**TASK PROMPT**
Exactly as they appear, copy the lines of the listing from the one containing "circuit is the" through the final line, both included, and nothing else.

**GIVEN RECORDS**
lemma fan_coeff_pos_imp_tight:
  assumes P: "P \<subseteq> cbox 0 1" and w: "w \<in> verts P"
    and tri: "\<And>F. F facet_of P \<Longrightarrow> w \<notin> F \<Longrightarrow> facet_triangulation P F (tri F)"
    and g: "fan_coeffs P tri w g" and q: "q \<in> P"
    and v: "v \<in> verts P" "0 < g v q" and tight: "q$i \<in> {0, 1}"
  shows "v$i = q$i"
proof -
  obtain S where S: "S \<in> fan_simplices P tri w" "finite S"
    "\<And>v. v \<in> verts P - S \<Longrightarrow> g v q = 0" "\<And>v. v \<in> S \<Longrightarrow> 0 \<le> g v q"
    "(\<Sum>v\<in>S. g v q) = 1" "(\<Sum>v\<in>S. g v q *\<^sub>R v) = q"
    using fan_coeffsE[OF g q] by blast
  have "S \<subseteq> cbox 0 1"
    using fan_simplex_subset_verts[OF w tri S(1)] verts_subset P by blast
  moreover have "v \<in> S"
    using S(3)[of v] v by auto
  ultimately show ?thesis
    using convex_comb_tight_coord[OF S(2) _ S(4-6) _ v(2) tight] by blast
qed

lemma fan_apex_coeff_ge_face_monomial:
  fixes K :: "(real^'n::finite) set"
  assumes K: "affine K" and v: "v \<in> verts (cube_poly K)"
    and tri: "\<And>F. F facet_of cube_poly K \<Longrightarrow> v \<notin> F \<Longrightarrow>
                facet_triangulation (cube_poly K) F (tri F)"
    and g: "fan_coeffs (cube_poly K) tri v g" and p: "p \<in> cube_poly K"
    and part: "A \<inter> S = {}" "A \<inter> B = {}" "S \<inter> B = {}" "A \<union> S \<union> B = UNIV"
    and tight: "\<And>i. i \<in> A \<Longrightarrow> v$i = 0" "\<And>i. i \<in> B \<Longrightarrow> v$i = 1"
  shows "face_monomial A S B p \<le> g v p"
proof -
  have p_cube: "p \<in> cbox 0 1"
    using p by (simp add: cube_poly_eq)
  obtain U where U: "U \<in> fan_simplices (cube_poly K) tri v" "finite U"
    "\<And>u. u \<in> verts (cube_poly K) - U \<Longrightarrow> g u p = 0" "\<And>u. u \<in> U \<Longrightarrow> 0 \<le> g u p"
    "(\<Sum>u\<in>U. g u p) = 1" "(\<Sum>u\<in>U. g u p *\<^sub>R u) = p"
    using fan_coeffsE[OF g p] by blast
  from U(1) show ?thesis
  proof (cases rule: fan_simplicesE)
    case 1
    then show ?thesis
      using U(5) face_monomial_le_1[OF part p_cube] by simp
  next
    case (2 D F)
    have D: "finite D" "D \<subseteq> F"
      using U(2) 2 facet_triangulation_simplex_subset[OF tri[of F]] by auto
    have F: "F face_of cube_poly K"
      using 2(3) facet_of_imp_face_of by blast
    have "v \<in> cube_poly K"
      using v verts_subset by blast
    from apex_coeff_ge_face_monomial[OF K F this 2(4) D U(4-6)[unfolded 2(2)] part p_cube tight]
    show ?thesis .
  qed
qed

lemma face_monomial_le_apex_coeff:
  fixes K :: "(real^'n::finite) set"
  assumes K: "affine K" and v: "v \<in> verts (cube_poly K)"
    and tri: "\<And>u F. u \<in> verts (cube_poly K) \<Longrightarrow> F facet_of cube_poly K \<Longrightarrow> u \<notin> F \<Longrightarrow>
                facet_triangulation (cube_poly K) F (tri u F)"
    and g: "\<And>u. u \<in> verts (cube_poly K) \<Longrightarrow> fan_coeffs (cube_poly K) (tri u) u (g u)"
    and part: "A \<inter> S = {}" "A \<inter> B = {}" "S \<inter> B = {}" "A \<union> S \<union> B = UNIV"
    and q: "q \<in> cube_poly K \<inter> open_face A S B" "0 < (\<Sum>w\<in>verts (cube_poly K). g w v q)"
    and p: "p \<in> cube_poly K"
  shows "face_monomial A S B p \<le> g v v p"
proof -
  obtain w where w: "w \<in> verts (cube_poly K)" "0 < g w v q"
    using q(2) sum_nonpos[of "verts (cube_poly K)" "\<lambda>w. g w v q"] by (meson not_le)
  have tight: "v$i = q$i" if "q$i \<in> {0, 1}" for i
    using fan_coeff_pos_imp_tight[OF _ w(1) tri[OF w(1)] g[OF w(1)] _ v w(2) that] q(1)
    by (auto simp: cube_poly_eq)
  have "v$i = 0" if "i \<in> A" for i
    using tight[of i] q(1) that by (auto simp: open_face_def)
  moreover have "v$i = 1" if "i \<in> B" for i
    using tight[of i] q(1) that by (auto simp: open_face_def)
  ultimately show ?thesis
    using fan_apex_coeff_ge_face_monomial[OF K v tri[OF v] g[OF v] p part] by blast
qed

lemma poly_boundedI:
  fixes P :: "(real^'n::finite) set"
  assumes "\<And>p. p \<in> P \<Longrightarrow> 0 \<le> h p \<and> h p \<le> 1" and "0 < c"
    and "\<And>A S B q p. A \<inter> S = {} \<Longrightarrow> A \<inter> B = {} \<Longrightarrow> S \<inter> B = {} \<Longrightarrow> A \<union> S \<union> B = UNIV \<Longrightarrow>
           q \<in> P \<inter> open_face A S B \<Longrightarrow> 0 < h q \<Longrightarrow> p \<in> P \<Longrightarrow> c * face_monomial A S B p \<le> h p"
  shows "poly_bounded P h"
proof -
  have "\<forall>A S B. A \<inter> S = {} \<and> A \<inter> B = {} \<and> S \<inter> B = {} \<and> A \<union> S \<union> B = UNIV \<longrightarrow>
          (\<exists>q\<in>P \<inter> open_face A S B. h q > 0) \<longrightarrow>
          (\<forall>p\<in>P. h p \<ge> c * ((\<Prod>i\<in>A. 1 - p$i) * (\<Prod>i\<in>S. p$i) *
                                (\<Prod>i\<in>S. 1 - p$i) * (\<Prod>i\<in>B. p$i)) ^ 1)"
    using assms(3) by (auto simp: face_monomial_def)
  then show ?thesis
    unfolding poly_bounded_def using assms(1,2) by blast
qed

theorem lemma14:
  fixes K :: "(real^'n::finite) set"
    and tri :: "real^'n \<Rightarrow> (real^'n) set \<Rightarrow> (real^'n) set set"
    and g :: "real^'n \<Rightarrow> real^'n \<Rightarrow> real^'n \<Rightarrow> real"
    and v :: "real^'n"
  assumes "affine K"
    and "\<forall>w\<in>verts (cube_poly K). \<forall>F. F facet_of cube_poly K \<and> w \<notin> F \<longrightarrow>
           facet_triangulation (cube_poly K) F (tri w F)"
    and "\<forall>w\<in>verts (cube_poly K). fan_coeffs (cube_poly K) (tri w) w (g w)"
    and "v \<in> verts (cube_poly K)"
  shows "poly_bounded (cube_poly K)
           (\<lambda>p. (1 / real (card (verts (cube_poly K)))) *
                (\<Sum>w\<in>verts (cube_poly K). g w v p))"
proof -
  let ?P = "cube_poly K" and ?V = "verts (cube_poly K)"
  have tri: "\<And>w F. w \<in> ?V \<Longrightarrow> F facet_of ?P \<Longrightarrow> w \<notin> F \<Longrightarrow> facet_triangulation ?P F (tri w F)"
    and g: "\<And>w. w \<in> ?V \<Longrightarrow> fan_coeffs ?P (tri w) w (g w)"
    using assms(2,3) by blast+
  have V: "finite ?V" "?V \<noteq> {}"
    using finite_verts_cube_poly[OF assms(1)] assms(4) by auto
  have unit: "0 \<le> g w v p \<and> g w v p \<le> 1" if "w \<in> ?V" "p \<in> ?P" for w p
    using fan_coeffs_unit_interval[OF g] that assms(4) by blast
  show ?thesis
  proof (rule poly_boundedI)
    show "0 \<le> 1 / card ?V * (\<Sum>w\<in>?V. g w v p) \<and> 1 / card ?V * (\<Sum>w\<in>?V. g w v p) \<le> 1"
      if "p \<in> ?P" for p
      by (rule mean_unit_interval[OF V unit[OF _ that]])
  next
    fix A S B q p
    assume part: "A \<inter> S = {}" "A \<inter> B = {}" "S \<inter> B = {}" "A \<union> S \<union> B = UNIV"
      and q: "q \<in> ?P \<inter> open_face A S B" "0 < 1 / card ?V * (\<Sum>w\<in>?V. g w v q)" and p: "p \<in> ?P"
    have "0 < (\<Sum>w\<in>?V. g w v q)"
      using q(2) V by (simp add: zero_less_divide_iff)
    from face_monomial_le_apex_coeff[OF assms(1,4) tri g part q(1) this p]
    have "face_monomial A S B p \<le> g v v p" .
    also have "\<dots> \<le> (\<Sum>w\<in>?V. g w v p)"
      using V unit p assms(4) by (intro member_le_sum) auto
    finally show "1 / card ?V * face_monomial A S B p \<le> 1 / card ?V * (\<Sum>w\<in>?V. g w v p)"
      by (simp add: divide_right_mono)
  qed (use V in \<open>simp add: card_gt_0_iff\<close>)
qed

end
(* Let $P\subset\mathbb R^n$ be an $n$-dimensional strongly monotypic polytope and let $X=N(P)$ be its set of facet normals. Then $X$ contains some $k\ge 1$ pairwise disjoint subsets $X_1,\dots,X_k$ such that: (i) each $X_i$ is the vertex set of a simplex whose relative interior contains $0$; (ii) the linear spaces $\operatorname{span} X_1,\dots,\operatorname{span} X_k$ are linearly independent (i.e., their sum is direct); and (iii) $\operatorname{span} X_1\oplus\cdots\oplus\operatorname{span} X_k=\mathbb R^n$.
   Context: For a polytope $P$, $N(P)$ denotes the set of outer unit normal vectors of the facets of $P$. A polytope $P$ is called strongly monotypic if for every polytope $Q$ with $N(Q)=N(P)$, the arrangement of the hyperplanes containing the facets of $P$ and the arrangement of the hyperplanes containing the facets of $Q$ are combinatorially equivalent. *)

theory Defs
  imports "HOL-Analysis.Analysis"
begin

definition supp_val :: "'a::euclidean_space set \<Rightarrow> 'a \<Rightarrow> real" where
  "supp_val P u = (SUP y\<in>P. u \<bullet> y)"

definition facet_normals :: "'a::euclidean_space set \<Rightarrow> 'a set" where
  "facet_normals P = {u. norm u = 1 \<and>
      (\<exists>F. F facet_of P \<and> F = P \<inter> {x. u \<bullet> x = supp_val P u})}"

text \<open>Cells (faces) of the arrangement of the facet hyperplanes of P, indexed by
  sign vectors on the normals: the hyperplane belonging to u is {x. u.x = supp_val P u}.\<close>
definition arr_cell :: "'a::euclidean_space set \<Rightarrow> ('a \<Rightarrow> real) \<Rightarrow> 'a set" where
  "arr_cell P \<sigma> = {x. \<forall>u\<in>facet_normals P. sgn (u \<bullet> x - supp_val P u) = \<sigma> u}"

text \<open>Combinatorial equivalence of the two arrangements, hyperplanes corresponding
  via their common normal vectors: the same sign vectors are realized.\<close>
definition arr_comb_equiv :: "'a::euclidean_space set \<Rightarrow> 'a set \<Rightarrow> bool" where
  "arr_comb_equiv P Q \<longleftrightarrow> (\<forall>\<sigma>. arr_cell P \<sigma> = {} \<longleftrightarrow> arr_cell Q \<sigma> = {})"

definition strongly_monotypic :: "'a::euclidean_space set \<Rightarrow> bool" where
  "strongly_monotypic P \<longleftrightarrow> polytope P \<and>
     (\<forall>Q. polytope Q \<and> facet_normals Q = facet_normals P \<longrightarrow> arr_comb_equiv P Q)"

end

theory Submission
  imports Defs
begin

text \<open>
  Let X be the set of facet normals. For a circuit c of X (a minimal linear dependence), the
  facet hyperplanes with c u \<noteq> 0 have a common point iff \<open>\<Sum>u. c u * h u = 0\<close>, where h is the
  support function. Strong monotypy makes this condition the same for all polytopes with facet
  normals X, among them the tilted polytopes \<open>{x. \<forall>u\<in>X. u \<bullet> x \<le> 1 + \<tau> * \<bar>u \<bullet> w\<bar>}\<close>; if c had two
  positive and two negative coefficients, a suitable w and \<open>\<tau> \<ge> 0\<close> would violate this. So every
  circuit has at most one positive or at most one negative coefficient. As P is bounded, X
  positively spans the space. Such a configuration splits into disjoint positive circuits whose
  spans form a direct sum: take a positive circuit C inside an irredundant totally cyclic subset,
  contract by span C, decompose the remainder by induction, and lift its positive circuits back,
  the sign condition together with irredundancy ruling out any other lift. Finally, a positive
  circuit is the vertex set of a simplex with 0 in its relative interior.
\<close>

section \<open>Vector configurations modulo a subspace\<close>

text \<open>Working modulo a subspace L lets the contraction by a positive circuit C be expressed by
  passing to \<open>span (L \<union> C)\<close>.\<close>

definition positive_circuit :: "'v::real_vector set \<Rightarrow> 'v set \<Rightarrow> bool" where
  "positive_circuit L Z \<longleftrightarrow> finite Z \<and> Z \<noteq> {} \<and>
     (\<exists>\<mu>. (\<forall>z\<in>Z. \<mu> z > 0) \<and> (\<Sum>z\<in>Z. \<mu> z *\<^sub>R z) \<in> L \<and>
        (\<forall>e. (\<Sum>z\<in>Z. e z *\<^sub>R z) \<in> L \<longrightarrow> (\<exists>s. \<forall>z\<in>Z. e z = s * \<mu> z)))"

definition totally_cyclic :: "'v::real_vector set \<Rightarrow> 'v set \<Rightarrow> bool" where
  "totally_cyclic L I \<longleftrightarrow> (\<forall>i\<in>I. \<exists>c. (\<forall>j\<in>I. c j \<ge> 0) \<and> c i > 0 \<and> (\<Sum>j\<in>I. c j *\<^sub>R j) \<in> L)"

definition circuit :: "'v::real_vector set \<Rightarrow> 'v set \<Rightarrow> ('v \<Rightarrow> real) \<Rightarrow> bool" where
  "circuit L I c \<longleftrightarrow> (\<Sum>j\<in>I. c j *\<^sub>R j) \<in> L \<and> (\<exists>j\<in>I. c j \<noteq> 0) \<and>
     (\<forall>e. (\<forall>j\<in>I. c j = 0 \<longrightarrow> e j = 0) \<and> (\<Sum>j\<in>I. e j *\<^sub>R j) \<in> L \<longrightarrow> (\<exists>s. \<forall>j\<in>I. e j = s * c j))"

definition circuits_almost_positive :: "'v::real_vector set \<Rightarrow> 'v set \<Rightarrow> bool" where
  "circuits_almost_positive L I \<longleftrightarrow>
     (\<forall>c. circuit L I c \<longrightarrow> card {j\<in>I. c j > 0} \<le> 1 \<or> card {j\<in>I. c j < 0} \<le> 1)"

**EXPECTED ANSWER**
  circuit is the vertex set of a simplex with 0 in its relative interior.
\<close>

section \<open>Vector configurations modulo a subspace\<close>

text \<open>Working modulo a subspace L lets the contraction by a positive circuit C be expressed by
  passing to \<open>span (L \<union> C)\<close>.\<close>

definition positive_circuit :: "'v::real_vector set \<Rightarrow> 'v set \<Rightarrow> bool" where
  "positive_circuit L Z \<longleftrightarrow> finite Z \<and> Z \<noteq> {} \<and>
     (\<exists>\<mu>. (\<forall>z\<in>Z. \<mu> z > 0) \<and> (\<Sum>z\<in>Z. \<mu> z *\<^sub>R z) \<in> L \<and>
        (\<forall>e. (\<Sum>z\<in>Z. e z *\<^sub>R z) \<in> L \<longrightarrow> (\<exists>s. \<forall>z\<in>Z. e z = s * \<mu> z)))"

definition totally_cyclic :: "'v::real_vector set \<Rightarrow> 'v set \<Rightarrow> bool" where
  "totally_cyclic L I \<longleftrightarrow> (\<forall>i\<in>I. \<exists>c. (\<forall>j\<in>I. c j \<ge> 0) \<and> c i > 0 \<and> (\<Sum>j\<in>I. c j *\<^sub>R j) \<in> L)"

definition circuit :: "'v::real_vector set \<Rightarrow> 'v set \<Rightarrow> ('v \<Rightarrow> real) \<Rightarrow> bool" where
  "circuit L I c \<longleftrightarrow> (\<Sum>j\<in>I. c j *\<^sub>R j) \<in> L \<and> (\<exists>j\<in>I. c j \<noteq> 0) \<and>
     (\<forall>e. (\<forall>j\<in>I. c j = 0 \<longrightarrow> e j = 0) \<and> (\<Sum>j\<in>I. e j *\<^sub>R j) \<in> L \<longrightarrow> (\<exists>s. \<forall>j\<in>I. e j = s * c j))"

definition circuits_almost_positive :: "'v::real_vector set \<Rightarrow> 'v set \<Rightarrow> bool" where
  "circuits_almost_positive L I \<longleftrightarrow>
     (\<forall>c. circuit L I c \<longrightarrow> card {j\<in>I. c j > 0} \<le> 1 \<or> card {j\<in>I. c j < 0} \<le> 1)"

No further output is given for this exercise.